(Saved data entries)

(* Let $\Gamma_F\subset\mathbb R^4_{\ge0}$ be the Newton polyhedron of the set $$\{(10,0,0,0),(0,10,0,0),(0,0,10,0),(0,0,0,10),(5,1,0,0),(5,0,1,0),(5,0,0,1),(0,1,1,0),(0,0,1,1)\},$$ and let $\Gamma_G$ be the Newton polyhedron of this set together with $W=(9,0,0,0)$. Then $\Gamma_F\subsetneq\Gamma_G$ and $\nu(\Gamma_F)=\nu(\Gamma_G)$.
   Context: The Newton polyhedron of a finite $\mathbf S\subset\mathbb Z^4_{\ge0}$ is $\mathrm{Conv}\bigcup_{a\in\mathbf S}(a+\mathbb R^4_{\ge0})$. For a convenient Newton polyhedron $\Gamma\subset\mathbb R^n_{\ge0}$, the Newton number is $$\nu(\Gamma)=\sum_{\emptyset\ne J\subseteq\{1..n\}}(-1)^{n-|J|}|J|!\,\mathrm{Vol}_{|J|}(\mathbb R^J_{\ge0}\setminus\Gamma)+(-1)^n,$$ where $\mathbb R^J$ is spanned by $e_j$, $j\in J$. *)

theory Defs
  imports "HOL-Analysis.Analysis"
begin

definition newton_polyhedron :: "(real^'n) set \<Rightarrow> (real^'n) set" where
  "newton_polyhedron S =
     convex hull (\<Union>a\<in>S. (\<lambda>v. a + v) ` {v. \<forall>i. 0 \<le> v $ i})"

definition zero_ext :: "'n set \<Rightarrow> ('n \<Rightarrow> real) \<Rightarrow> real^'n" where
  "zero_ext J y = (\<chi> i. if i \<in> J then y i else 0)"

text \<open>|J|-dimensional volume of R^J_{>=0} minus Gamma, where R^J is the coordinate
  subspace spanned by e_j, j in J, identified with R^J via the product of
  Lebesgue measures.\<close>
definition vol_compl :: "'n set \<Rightarrow> (real^'n) set \<Rightarrow> real" where
  "vol_compl J \<Gamma> =
     measure (PiM J (\<lambda>_. lborel))
       {y \<in> PiE J (\<lambda>_. UNIV). (\<forall>j\<in>J. 0 \<le> y j) \<and> zero_ext J y \<notin> \<Gamma>}"

definition newton_number :: "(real^'n::finite) set \<Rightarrow> real" where
  "newton_number \<Gamma> =
     (\<Sum>J\<in>{J. J \<noteq> {}}. (-1) ^ (CARD('n) - card J) * fact (card J) * vol_compl J \<Gamma>)
     + (-1) ^ CARD('n)"

end

theory Submission
  imports Defs
begin

(* Let ell x = x1 + 5 (x2 + x3 + x4). Every point of S_F has ell >= 10 while ell W9 = 9, so W9 is
   a new point of Gamma_G. Conversely, every point of Gamma_G with ell >= 10 already lies in Gamma_F:
   moving from a point of Gamma_F towards W9 one stays in Gamma_F until ell drops to 10, which is
   checked on the generators a + R^4_{>=0} of Gamma_F and propagates to their convex hull. With the
   two supporting hyperplanes of Gamma_G through W9 this shows that Gamma_G minus Gamma_F is the
   region 9 + max (x2 + x4) x3 <= ell x < 10 of the orthant. It meets R^J only if 1 is in J, and
   integrating out x1 leaves the integral of (1 - max (x2 + x4) x3)_+ over R^K_{>=0}, K = J - {1},
   which is 1, 1/2, 1/3 for K = {2,3}, {3,4}, 1/6 for K = {2,4} and 1/8 for K = {2,3,4}. So the
   Newton numbers differ by -1 + 2! * 3/2 - 3! * (1/3 + 1/3 + 1/6) + 4! * 1/8 = 0. *)

section \<open>Newton polyhedra\<close>

definition nonneg_orthant :: "(real^'n) set" where
  "nonneg_orthant = {v. \<forall>i. 0 \<le> v $ i}"

lemma mem_nonneg_orthant: "v \<in> nonneg_orthant \<longleftrightarrow> (\<forall>i. 0 \<le> v $ i)"
  by (simp add: nonneg_orthant_def)

lemma convex_nonneg_orthant: "convex nonneg_orthant"
  by (auto simp: convex_def mem_nonneg_orthant)

lemma closed_nonneg_orthant: "closed nonneg_orthant"
  unfolding nonneg_orthant_def
  by (intro closed_Collect_all closed_Collect_le continuous_intros)

lemma zero_mem_nonneg_orthant: "0 \<in> nonneg_orthant"
  by (simp add: mem_nonneg_orthant)

lemma add_mem_nonneg_orthant: "x \<in> nonneg_orthant \<Longrightarrow> y \<in> nonneg_orthant \<Longrightarrow> x + y \<in> nonneg_orthant"
  by (simp add: mem_nonneg_orthant)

#### WHAT THE TASK REQUIRES
An exact copy of the lines above between the line holding "measure (PiM J (\<lambda>_. lborel))" and the line holding "moving from a", inclusive, is the whole answer.

#### RESPONSE TO THIS TASK
     measure (PiM J (\<lambda>_. lborel))
       {y \<in> PiE J (\<lambda>_. UNIV). (\<forall>j\<in>J. 0 \<le> y j) \<and> zero_ext J y \<notin> \<Gamma>}"

definition newton_number :: "(real^'n::finite) set \<Rightarrow> real" where
  "newton_number \<Gamma> =
     (\<Sum>J\<in>{J. J \<noteq> {}}. (-1) ^ (CARD('n) - card J) * fact (card J) * vol_compl J \<Gamma>)
     + (-1) ^ CARD('n)"

end

theory Submission
  imports Defs
begin

(* Let ell x = x1 + 5 (x2 + x3 + x4). Every point of S_F has ell >= 10 while ell W9 = 9, so W9 is
   a new point of Gamma_G. Conversely, every point of Gamma_G with ell >= 10 already lies in Gamma_F:
   moving from a point of Gamma_F towards W9 one stays in Gamma_F until ell drops to 10, which is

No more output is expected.